**PROBLEM TO WORK ON**
For the records that follow, say how many lines have the word "shows" in them. Write the number and nothing more.

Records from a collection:
section \<open>The variational state as an average over parameters\<close>

definition param_dist :: "(real ^ 'k) set \<Rightarrow> (real ^ 'k \<Rightarrow> complex) \<Rightarrow> (real ^ 'k) measure" where
  "param_dist \<Theta> \<alpha> = density lborel (\<lambda>\<theta>. ennreal (Pdens \<Theta> \<alpha> \<theta>))"

definition phased_state ::
  "(real ^ 'k \<Rightarrow> complex) \<Rightarrow> (real ^ 'k \<Rightarrow> complex ^ (bool ^ 'q) ^ (bool ^ 'q)) \<Rightarrow> real ^ 'k \<Rightarrow> complex ^ (bool ^ 'q)"
where
  "phased_state \<alpha> U \<theta> = phase \<alpha> \<theta> *s circ_state U \<theta>"

lemma norm_phase_le: "norm (phase \<alpha> \<theta>) \<le> 1"
  by (cases "\<alpha> \<theta> = 0") (simp_all add: phase_def norm_divide)

context
  fixes \<Theta> :: "(real ^ 'k) set"
    and \<alpha> :: "real ^ 'k \<Rightarrow> complex"
    and U :: "real ^ 'k \<Rightarrow> complex ^ (bool ^ 'q) ^ (bool ^ 'q)"
  assumes Theta_meas: "\<Theta> \<in> sets lborel"
    and alpha_meas: "\<alpha> \<in> borel_measurable lborel"
    and U_unitary: "\<forall>\<theta>\<in>\<Theta>. unitary (U \<theta>)"
    and U_meas: "U \<in> borel_measurable lborel"
    and C_fin: "set_integrable lborel \<Theta> (\<lambda>\<theta>. norm (\<alpha> \<theta>))"
    and C_pos: "normC \<Theta> \<alpha> > 0"
begin

lemma Theta_borel[measurable]: "\<Theta> \<in> sets borel"
  using Theta_meas by simp

lemma alpha_borel[measurable]: "\<alpha> \<in> borel_measurable borel"
  using alpha_meas by simp

lemma U_borel[measurable]: "U \<in> borel_measurable borel"
  using U_meas by simp

lemma Pdens_eq: "Pdens \<Theta> \<alpha> = (\<lambda>\<theta>. (indicator \<Theta> \<theta> *\<^sub>R norm (\<alpha> \<theta>)) / normC \<Theta> \<alpha>)"
  by (auto simp: Pdens_def indicator_def)

lemma Pdens_measurable[measurable]: "Pdens \<Theta> \<alpha> \<in> borel_measurable borel"
  unfolding Pdens_eq by measurable

lemma Pdens_nonneg: "0 \<le> Pdens \<Theta> \<alpha> \<theta>"
  using C_pos by (simp add: Pdens_def)

lemma prob_space_param_dist: "prob_space (param_dist \<Theta> \<alpha>)"
proof
  have int: "integrable lborel (Pdens \<Theta> \<alpha>)"
    using C_fin by (simp add: Pdens_eq set_integrable_def)
  have "emeasure (param_dist \<Theta> \<alpha>) (space (param_dist \<Theta> \<alpha>)) = (\<integral>\<^sup>+ x. ennreal (Pdens \<Theta> \<alpha> x) \<partial>lborel)"
    by (simp add: param_dist_def emeasure_density)
  also have "\<dots> = ennreal (integral\<^sup>L lborel (Pdens \<Theta> \<alpha>))"
    by (rule nn_integral_eq_integral[OF int]) (simp add: Pdens_nonneg)
  also have "integral\<^sup>L lborel (Pdens \<Theta> \<alpha>) = 1"
    using C_pos by (simp add: Pdens_eq normC_def set_lebesgue_integral_def)
  finally show "emeasure (param_dist \<Theta> \<alpha>) (space (param_dist \<Theta> \<alpha>)) = 1" by simp
qed

lemma sets_param_dist[simp, measurable_cong]: "sets (param_dist \<Theta> \<alpha>) = sets borel"
  by (simp add: param_dist_def)

lemma AE_param_dist: "AE \<theta> in param_dist \<Theta> \<alpha>. \<theta> \<in> \<Theta>"
  unfolding param_dist_def by (subst AE_density) (auto simp: Pdens_def split: if_splits)

lemma pair_dist_eq: "pair_dist \<Theta> \<alpha> = param_dist \<Theta> \<alpha> \<Otimes>\<^sub>M param_dist \<Theta> \<alpha>"
proof -
  interpret D: prob_space "param_dist \<Theta> \<alpha>" by (rule prob_space_param_dist)
  have "param_dist \<Theta> \<alpha> \<Otimes>\<^sub>M param_dist \<Theta> \<alpha> = density (lborel \<Otimes>\<^sub>M lborel)
       (\<lambda>(x, y). ennreal (Pdens \<Theta> \<alpha> x) * ennreal (Pdens \<Theta> \<alpha> y))"
    unfolding param_dist_def
    by (rule pair_measure_density)
       (auto simp: D.sigma_finite_measure_axioms[unfolded param_dist_def] lborel.sigma_finite_measure_axioms)
  also have "\<dots> = pair_dist \<Theta> \<alpha>"
    unfolding pair_dist_def by (rule density_cong) (auto simp: ennreal_mult Pdens_nonneg)
  finally show ?thesis by simp
qed

lemma prob_space_pair_dist: "prob_space (pair_dist \<Theta> \<alpha>)"
proof -
  interpret D: prob_space "param_dist \<Theta> \<alpha>" by (rule prob_space_param_dist)
  interpret P: pair_prob_space "param_dist \<Theta> \<alpha>" "param_dist \<Theta> \<alpha>" by unfold_locales
  show ?thesis unfolding pair_dist_eq by (rule P.prob_space_axioms)
qed

lemma sets_pair_dist[simp, measurable_cong]: "sets (pair_dist \<Theta> \<alpha>) = sets (borel \<Otimes>\<^sub>M borel)"
  unfolding pair_dist_def sets_density by (rule sets_pair_measure_cong) simp_all

lemma AE_pair_dist: "AE p in pair_dist \<Theta> \<alpha>. p \<in> \<Theta> \<times> \<Theta>"
proof -
  have "(\<lambda>p. ennreal (Pdens \<Theta> \<alpha> (fst p) * Pdens \<Theta> \<alpha> (snd p))) \<in> borel_measurable (lborel \<Otimes>\<^sub>M lborel)"
    by measurable
  then show ?thesis unfolding pair_dist_def
    by (subst AE_density) (auto simp: Pdens_def split: if_splits)
qed

lemma phase_measurable[measurable]: "phase \<alpha> \<in> borel_measurable borel"
  unfolding phase_def[abs_def] by measurable

lemma phased_state_measurable[measurable]: "phased_state \<alpha> U \<in> borel_measurable borel"
  by (rule borel_measurable_vecI) (simp add: phased_state_def circ_state_def matrix_vector_mult_def)

lemma Xpair_measurable[measurable]: "Xpair \<alpha> U Op \<in> borel_measurable (borel \<Otimes>\<^sub>M borel)"
  unfolding Xpair_def[abs_def] cinner_def circ_state_def matrix_vector_mult_def vec_lambda_beta
  by measurable

lemma norm_circ_state: "\<theta> \<in> \<Theta> \<Longrightarrow> norm (circ_state U \<theta>) = 1"
  by (simp add: circ_state_def norm_unitary_mult U_unitary ket0_def)

lemma norm_phased_state_le: "\<theta> \<in> \<Theta> \<Longrightarrow> norm (phased_state \<alpha> U \<theta>) \<le> 1"
  by (simp add: phased_state_def norm_vector_scalar_mult norm_circ_state norm_phase_le)

lemma integrable_phased_state: "integrable (param_dist \<Theta> \<alpha>) (phased_state \<alpha> U)"
proof -
  interpret D: prob_space "param_dist \<Theta> \<alpha>" by (rule prob_space_param_dist)
  show ?thesis
    using AE_param_dist norm_phased_state_le
    by (intro D.integrable_const_bound[where B=1]) auto
qed

lemma psi_eq_integral: "psi \<Theta> \<alpha> U = (\<integral>\<theta>. phased_state \<alpha> U \<theta> \<partial>param_dist \<Theta> \<alpha>)"
proof -
  have "(\<integral>\<theta>. phased_state \<alpha> U \<theta> \<partial>param_dist \<Theta> \<alpha>)
      = (\<integral>\<theta>. Pdens \<Theta> \<alpha> \<theta> *\<^sub>R phased_state \<alpha> U \<theta> \<partial>lborel)"
    unfolding param_dist_def by (rule integral_density) (simp_all add: Pdens_nonneg)
  also have "\<dots> = psi \<Theta> \<alpha> U"
    unfolding psi_def set_lebesgue_integral_def
    by (intro Bochner_Integration.integral_cong)
       (auto simp: phased_state_def scaleR_vec_def vec_eq_iff scaleR_conv_of_real Pdens_def indicator_def)
  finally show ?thesis by simp
qed

lemma norm_Xpair_le: "p \<in> \<Theta> \<times> \<Theta> \<Longrightarrow> norm (Xpair \<alpha> U Op p) \<le> spec_norm Op"
proof -
  assume p: "p \<in> \<Theta> \<times> \<Theta>"
  have "norm (Xpair \<alpha> U Op p) = norm (phase \<alpha> (fst p)) * norm (phase \<alpha> (snd p)) *
        norm (cinner (circ_state U (snd p)) (Op *v circ_state U (fst p)))"
    by (simp add: Xpair_def norm_mult)
  also have "\<dots> \<le> 1 * 1 * (norm (circ_state U (snd p)) * norm (Op *v circ_state U (fst p)))"
    by (intro mult_mono norm_phase_le norm_cinner_le) auto
  also have "\<dots> \<le> spec_norm Op"
    using p norm_le_spec_norm[of Op "circ_state U (fst p)"] by (auto simp: norm_circ_state)
  finally show ?thesis .
qed

text \<open>Expanding both copies of \<open>\<psi>\<close> as integrals turns \<open>\<langle>\<psi>|O|\<psi>\<rangle>\<close> into the double
  integral of \<open>X\<^sub>\<theta>\<^sub>,\<^sub>\<theta>\<^sub>'\<close>, which Fubini identifies with the integral over the pair distribution.\<close>

lemma expval_eq_integral_Xpair:
  shows "integrable (pair_dist \<Theta> \<alpha>) (Xpair \<alpha> U Op)"
    and "expval \<Theta> \<alpha> U Op = (\<integral>p. Xpair \<alpha> U Op p \<partial>pair_dist \<Theta> \<alpha>)"
proof -
  interpret D: prob_space "param_dist \<Theta> \<alpha>" by (rule prob_space_param_dist)
  interpret P: pair_prob_space "param_dist \<Theta> \<alpha>" "param_dist \<Theta> \<alpha>" by unfold_locales
  interpret PD: prob_space "pair_dist \<Theta> \<alpha>" by (rule prob_space_pair_dist)
  let ?D = "param_dist \<Theta> \<alpha>" and ?v = "phased_state \<alpha> U"
  show int_X: "integrable (pair_dist \<Theta> \<alpha>) (Xpair \<alpha> U Op)"
    using AE_pair_dist norm_Xpair_le
    by (intro PD.integrable_const_bound[where B="spec_norm Op"]) auto
  note int_v = integrable_phased_state
  have int_Ov: "integrable ?D (\<lambda>\<theta>. Op *v ?v \<theta>)"
    by (rule integrable_bounded_linear[OF matrix_vector_mul_bounded_linear int_v])
  have "expval \<Theta> \<alpha> U Op = (\<integral>\<theta>. cinner (psi \<Theta> \<alpha> U) (Op *v ?v \<theta>) \<partial>?D)"
    unfolding expval_def psi_eq_integral[symmetric]
    by (simp add: psi_eq_integral integral_bounded_linear[OF matrix_vector_mul_bounded_linear int_v]
        integral_bounded_linear[OF bounded_linear_cinner int_Ov])
  also have "\<dots> = (\<integral>\<theta>. (\<integral>\<theta>'. cinner (?v \<theta>') (Op *v ?v \<theta>) \<partial>?D) \<partial>?D)"
  proof (intro Bochner_Integration.integral_cong refl)
    fix \<theta>
    have "cinner (psi \<Theta> \<alpha> U) (Op *v ?v \<theta>) = cnj (cinner (Op *v ?v \<theta>) (psi \<Theta> \<alpha> U))"
      by (simp add: cnj_cinner)
    also have "\<dots> = cnj (\<integral>\<theta>'. cinner (Op *v ?v \<theta>) (?v \<theta>') \<partial>?D)"
      by (simp add: psi_eq_integral integral_bounded_linear[OF bounded_linear_cinner int_v])
    also have "\<dots> = (\<integral>\<theta>'. cinner (?v \<theta>') (Op *v ?v \<theta>) \<partial>?D)"
      by (simp add: cnj_cinner flip: Bochner_Integration.integral_cnj)
    finally show "cinner (psi \<Theta> \<alpha> U) (Op *v ?v \<theta>) = (\<integral>\<theta>'. cinner (?v \<theta>') (Op *v ?v \<theta>) \<partial>?D)" .
  qed
  also have "\<dots> = (\<integral>\<theta>. (\<integral>\<theta>'. Xpair \<alpha> U Op (\<theta>, \<theta>') \<partial>?D) \<partial>?D)"
    by (simp add: phased_state_def cinner_scalar_mult Xpair_def mult_ac)
  also have "\<dots> = (\<integral>(\<theta>, \<theta>'). Xpair \<alpha> U Op (\<theta>, \<theta>') \<partial>(?D \<Otimes>\<^sub>M ?D))"
    by (rule P.integral_fst) (use int_X in \<open>simp add: pair_dist_eq\<close>)
  finally show "expval \<Theta> \<alpha> U Op = (\<integral>p. Xpair \<alpha> U Op p \<partial>pair_dist \<Theta> \<alpha>)"
    by (simp add: pair_dist_eq)
qed

lemma sample_moments:
  assumes valid: "valid_measurement \<Theta> \<alpha> U Op \<sigma> Q"
  defines "S \<equiv> pair_dist \<Theta> \<alpha> \<bind> Q"
  shows "prob_space S" "sets S = sets borel" "integrable S (\<lambda>x. x\<^sup>2)"
    "(\<integral>x. x \<partial>S) = Re (expval \<Theta> \<alpha> U Op)"
    "(\<integral>x. (x - Re (expval \<Theta> \<alpha> U Op))\<^sup>2 \<partial>S) \<le> (spec_norm Op)\<^sup>2 + \<sigma>\<^sup>2"
proof -
  let ?X = "\<lambda>p. Re (Xpair \<alpha> U Op p)"
  have "sets (pair_dist \<Theta> \<alpha>) = sets (lborel \<Otimes>\<^sub>M lborel)"
    unfolding pair_dist_def by (rule sets_density)
  then have Q: "Q \<in> pair_dist \<Theta> \<alpha> \<rightarrow>\<^sub>M prob_algebra borel"
    using valid measurable_cong_sets[OF _ refl] unfolding valid_measurement_def by blast
  have component: "integrable (Q p) (\<lambda>x. x\<^sup>2) \<and> (\<integral>x. x \<partial>Q p) = ?X p
      \<and> (\<integral>x. x\<^sup>2 \<partial>Q p) \<le> \<sigma>\<^sup>2 + (spec_norm Op)\<^sup>2"
    if p: "p \<in> space (pair_dist \<Theta> \<alpha>)" "p \<in> \<Theta> \<times> \<Theta>" for p
  proof -
    interpret Qp: prob_space "Q p"
      using measurable_space[OF Q p(1)] by (simp add: space_prob_algebra)
    have [measurable_cong]: "sets (Q p) = sets borel"
      using measurable_space[OF Q p(1)] by (simp add: space_prob_algebra)
    have moments: "integrable (Q p) (\<lambda>x. x\<^sup>2)" "(\<integral>x. x \<partial>Q p) = ?X p"
        "(\<integral>x. (x - ?X p)\<^sup>2 \<partial>Q p) \<le> \<sigma>\<^sup>2"
      using valid p(2) by (auto simp: valid_measurement_def)
    have "\<bar>?X p\<bar> \<le> spec_norm Op"
      using abs_Re_le_cmod norm_Xpair_le[OF p(2)] order_trans by blast
    then have "(\<integral>x. x\<^sup>2 \<partial>Q p) \<le> \<sigma>\<^sup>2 + (spec_norm Op)\<^sup>2"
      using moments by (intro Qp.second_moment_le[where X="\<lambda>x. x"]) simp_all
    then show ?thesis using moments by simp
  qed
  have moments_AE: "AE p in pair_dist \<Theta> \<alpha>. integrable (Q p) (\<lambda>x. x\<^sup>2) \<and> (\<integral>x. x \<partial>Q p) = ?X p
      \<and> (\<integral>x. x\<^sup>2 \<partial>Q p) \<le> \<sigma>\<^sup>2 + (spec_norm Op)\<^sup>2"
    using AE_pair_dist AE_space by eventually_elim (use component in blast)
  have "?X \<in> borel_measurable (pair_dist \<Theta> \<alpha>)" by measurable
  note mix = bind_moments[OF prob_space_pair_dist Q this moments_AE, folded S_def]
  interpret S: prob_space S by (rule mix(1))
  show "prob_space S" "sets S = sets borel" "integrable S (\<lambda>x. x\<^sup>2)" using mix by simp_all
  show mean: "(\<integral>x. x \<partial>S) = Re (expval \<Theta> \<alpha> U Op)"
    using mix(4) expval_eq_integral_Xpair by simp
  have "integrable S (\<lambda>x. x)"
    using S.square_integrable_imp_integrable[OF _ mix(3)] mix(2) by simp
  then have "(\<integral>x. (x - Re (expval \<Theta> \<alpha> U Op))\<^sup>2 \<partial>S) \<le> (\<integral>x. x\<^sup>2 \<partial>S)"
    using S.variance_eq[of "\<lambda>x. x"] mix(3) mean by simp
  then show "(\<integral>x. (x - Re (expval \<Theta> \<alpha> U Op))\<^sup>2 \<partial>S) \<le> (spec_norm Op)\<^sup>2 + \<sigma>\<^sup>2"
    using mix(5) by simp
qed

**YOUR RESPONSE**
2